**ASSIGNMENT**
Across the data below, how many lines have the word "rule" in them? Give the number and nothing else.

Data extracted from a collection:

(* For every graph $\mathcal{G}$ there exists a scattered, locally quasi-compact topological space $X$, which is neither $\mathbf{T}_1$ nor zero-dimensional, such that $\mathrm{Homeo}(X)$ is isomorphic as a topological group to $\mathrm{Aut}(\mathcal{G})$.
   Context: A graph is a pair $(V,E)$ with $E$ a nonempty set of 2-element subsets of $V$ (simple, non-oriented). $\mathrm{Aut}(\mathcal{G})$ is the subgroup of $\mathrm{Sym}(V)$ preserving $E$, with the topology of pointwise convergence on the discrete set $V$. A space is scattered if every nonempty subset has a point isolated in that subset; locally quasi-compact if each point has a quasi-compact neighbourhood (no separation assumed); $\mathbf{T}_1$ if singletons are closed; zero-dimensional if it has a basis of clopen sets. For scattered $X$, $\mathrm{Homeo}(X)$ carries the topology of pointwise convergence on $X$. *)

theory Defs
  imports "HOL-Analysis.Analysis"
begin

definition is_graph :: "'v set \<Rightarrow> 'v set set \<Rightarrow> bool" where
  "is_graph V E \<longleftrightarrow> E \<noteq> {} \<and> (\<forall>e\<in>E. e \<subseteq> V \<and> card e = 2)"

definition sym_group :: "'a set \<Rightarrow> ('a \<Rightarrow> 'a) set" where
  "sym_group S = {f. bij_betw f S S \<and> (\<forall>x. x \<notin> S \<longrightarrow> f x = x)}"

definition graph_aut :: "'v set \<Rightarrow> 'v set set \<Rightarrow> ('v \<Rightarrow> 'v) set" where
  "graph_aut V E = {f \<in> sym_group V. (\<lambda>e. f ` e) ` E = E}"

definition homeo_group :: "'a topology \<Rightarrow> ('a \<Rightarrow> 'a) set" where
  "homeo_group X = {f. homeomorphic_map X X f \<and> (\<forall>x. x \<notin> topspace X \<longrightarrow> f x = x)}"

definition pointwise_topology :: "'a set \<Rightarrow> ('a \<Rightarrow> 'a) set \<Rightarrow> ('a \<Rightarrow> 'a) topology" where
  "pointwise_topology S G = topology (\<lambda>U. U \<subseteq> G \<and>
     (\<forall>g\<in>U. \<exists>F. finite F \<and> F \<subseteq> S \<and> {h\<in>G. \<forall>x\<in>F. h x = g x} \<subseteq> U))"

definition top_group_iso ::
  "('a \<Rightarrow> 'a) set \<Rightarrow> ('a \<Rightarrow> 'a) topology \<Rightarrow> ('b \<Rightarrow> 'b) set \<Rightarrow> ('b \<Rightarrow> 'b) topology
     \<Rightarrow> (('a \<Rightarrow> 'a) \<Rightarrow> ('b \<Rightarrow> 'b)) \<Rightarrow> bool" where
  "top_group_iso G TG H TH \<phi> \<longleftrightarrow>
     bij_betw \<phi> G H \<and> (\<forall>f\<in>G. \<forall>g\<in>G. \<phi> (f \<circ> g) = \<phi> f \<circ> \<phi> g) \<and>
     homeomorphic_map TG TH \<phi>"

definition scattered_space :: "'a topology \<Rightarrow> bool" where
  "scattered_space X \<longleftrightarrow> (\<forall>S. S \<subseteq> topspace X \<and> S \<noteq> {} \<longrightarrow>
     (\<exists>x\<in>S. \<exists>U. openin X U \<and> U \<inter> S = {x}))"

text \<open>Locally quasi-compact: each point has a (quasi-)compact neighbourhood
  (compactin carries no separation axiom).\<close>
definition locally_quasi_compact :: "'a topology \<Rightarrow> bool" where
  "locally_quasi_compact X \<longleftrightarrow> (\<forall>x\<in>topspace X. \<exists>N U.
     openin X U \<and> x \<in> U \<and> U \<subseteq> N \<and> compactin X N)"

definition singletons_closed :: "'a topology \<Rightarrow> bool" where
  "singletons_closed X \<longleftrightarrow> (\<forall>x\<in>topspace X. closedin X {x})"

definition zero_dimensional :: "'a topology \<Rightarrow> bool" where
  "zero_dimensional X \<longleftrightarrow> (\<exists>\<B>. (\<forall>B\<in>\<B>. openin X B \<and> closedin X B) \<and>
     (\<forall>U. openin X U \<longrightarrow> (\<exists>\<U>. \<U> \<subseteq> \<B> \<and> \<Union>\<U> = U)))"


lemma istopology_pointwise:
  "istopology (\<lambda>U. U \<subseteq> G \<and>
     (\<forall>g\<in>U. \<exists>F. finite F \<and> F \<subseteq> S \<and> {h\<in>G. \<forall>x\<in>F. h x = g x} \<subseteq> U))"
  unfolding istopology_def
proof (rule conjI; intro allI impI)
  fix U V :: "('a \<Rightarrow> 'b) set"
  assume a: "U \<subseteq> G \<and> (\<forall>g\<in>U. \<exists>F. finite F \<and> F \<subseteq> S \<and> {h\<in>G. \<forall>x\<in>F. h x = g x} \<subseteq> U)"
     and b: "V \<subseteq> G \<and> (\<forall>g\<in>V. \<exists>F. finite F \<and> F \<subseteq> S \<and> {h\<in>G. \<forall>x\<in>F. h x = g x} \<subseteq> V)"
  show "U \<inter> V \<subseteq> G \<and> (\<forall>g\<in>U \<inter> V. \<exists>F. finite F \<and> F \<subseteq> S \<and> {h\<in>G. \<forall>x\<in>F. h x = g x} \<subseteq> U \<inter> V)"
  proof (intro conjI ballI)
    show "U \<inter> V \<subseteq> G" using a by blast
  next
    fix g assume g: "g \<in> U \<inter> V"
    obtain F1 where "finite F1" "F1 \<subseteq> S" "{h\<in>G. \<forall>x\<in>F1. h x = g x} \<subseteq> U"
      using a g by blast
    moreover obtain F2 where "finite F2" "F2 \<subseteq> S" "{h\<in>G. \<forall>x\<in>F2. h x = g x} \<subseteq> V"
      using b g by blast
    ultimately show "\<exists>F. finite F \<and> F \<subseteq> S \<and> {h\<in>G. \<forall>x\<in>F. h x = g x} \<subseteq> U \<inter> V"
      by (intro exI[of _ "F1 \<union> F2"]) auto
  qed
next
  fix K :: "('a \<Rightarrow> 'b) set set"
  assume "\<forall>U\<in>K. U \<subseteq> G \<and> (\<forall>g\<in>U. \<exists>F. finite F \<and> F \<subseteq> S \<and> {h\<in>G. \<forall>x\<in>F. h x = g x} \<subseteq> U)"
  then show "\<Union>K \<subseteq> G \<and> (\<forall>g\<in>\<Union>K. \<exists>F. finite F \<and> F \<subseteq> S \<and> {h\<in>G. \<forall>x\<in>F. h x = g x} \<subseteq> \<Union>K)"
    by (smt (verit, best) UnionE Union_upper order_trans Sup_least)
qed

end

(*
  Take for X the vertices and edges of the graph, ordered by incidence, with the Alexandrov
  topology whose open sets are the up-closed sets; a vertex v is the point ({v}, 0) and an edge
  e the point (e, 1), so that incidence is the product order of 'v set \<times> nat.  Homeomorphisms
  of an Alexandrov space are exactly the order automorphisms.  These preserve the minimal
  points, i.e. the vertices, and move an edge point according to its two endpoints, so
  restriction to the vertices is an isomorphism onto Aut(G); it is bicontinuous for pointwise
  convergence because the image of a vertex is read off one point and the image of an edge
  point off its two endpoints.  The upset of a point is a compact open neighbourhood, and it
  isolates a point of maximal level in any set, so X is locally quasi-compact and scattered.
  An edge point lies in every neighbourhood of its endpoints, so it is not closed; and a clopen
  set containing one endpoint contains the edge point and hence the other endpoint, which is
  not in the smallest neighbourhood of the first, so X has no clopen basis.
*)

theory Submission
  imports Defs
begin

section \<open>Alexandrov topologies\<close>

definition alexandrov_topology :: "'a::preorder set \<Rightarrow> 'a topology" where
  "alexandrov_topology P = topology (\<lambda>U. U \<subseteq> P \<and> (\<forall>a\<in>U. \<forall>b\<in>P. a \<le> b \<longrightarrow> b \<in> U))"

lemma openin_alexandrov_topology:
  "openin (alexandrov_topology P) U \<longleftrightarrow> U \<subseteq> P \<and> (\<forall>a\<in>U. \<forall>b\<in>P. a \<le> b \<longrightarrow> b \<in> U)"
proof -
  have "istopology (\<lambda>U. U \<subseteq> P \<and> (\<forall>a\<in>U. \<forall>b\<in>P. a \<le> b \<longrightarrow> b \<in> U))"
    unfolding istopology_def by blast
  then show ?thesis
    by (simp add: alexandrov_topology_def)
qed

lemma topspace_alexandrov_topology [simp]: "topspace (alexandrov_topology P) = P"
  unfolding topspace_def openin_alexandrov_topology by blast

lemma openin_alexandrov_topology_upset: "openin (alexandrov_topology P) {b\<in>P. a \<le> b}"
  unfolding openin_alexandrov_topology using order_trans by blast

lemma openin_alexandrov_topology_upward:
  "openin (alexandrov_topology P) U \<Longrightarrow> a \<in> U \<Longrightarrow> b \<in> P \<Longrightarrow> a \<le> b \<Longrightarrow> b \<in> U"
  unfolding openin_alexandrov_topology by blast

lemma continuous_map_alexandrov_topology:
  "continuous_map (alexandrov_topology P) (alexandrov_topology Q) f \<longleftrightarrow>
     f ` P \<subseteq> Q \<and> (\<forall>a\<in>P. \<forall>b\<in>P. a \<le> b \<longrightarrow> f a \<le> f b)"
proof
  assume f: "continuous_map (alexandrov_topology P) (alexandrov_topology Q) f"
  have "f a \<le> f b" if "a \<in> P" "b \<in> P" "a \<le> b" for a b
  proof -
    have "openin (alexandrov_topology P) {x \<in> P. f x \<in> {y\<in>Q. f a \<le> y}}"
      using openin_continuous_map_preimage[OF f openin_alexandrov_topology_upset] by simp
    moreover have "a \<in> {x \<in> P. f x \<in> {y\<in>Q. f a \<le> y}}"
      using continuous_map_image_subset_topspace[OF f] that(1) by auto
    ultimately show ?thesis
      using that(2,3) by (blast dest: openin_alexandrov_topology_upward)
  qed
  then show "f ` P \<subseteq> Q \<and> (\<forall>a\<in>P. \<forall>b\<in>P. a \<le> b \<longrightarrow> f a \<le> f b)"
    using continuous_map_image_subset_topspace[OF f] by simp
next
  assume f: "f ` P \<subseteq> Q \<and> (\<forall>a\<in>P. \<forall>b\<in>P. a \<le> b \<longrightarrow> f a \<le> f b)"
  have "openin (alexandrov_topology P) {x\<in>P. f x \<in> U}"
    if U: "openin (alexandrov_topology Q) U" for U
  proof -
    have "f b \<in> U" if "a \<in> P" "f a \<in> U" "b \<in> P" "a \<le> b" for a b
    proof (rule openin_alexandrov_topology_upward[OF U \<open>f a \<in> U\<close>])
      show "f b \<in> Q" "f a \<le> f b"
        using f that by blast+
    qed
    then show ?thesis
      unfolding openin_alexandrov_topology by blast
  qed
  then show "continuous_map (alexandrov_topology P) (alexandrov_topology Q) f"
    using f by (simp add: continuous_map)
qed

**TASK RESPONSE**
2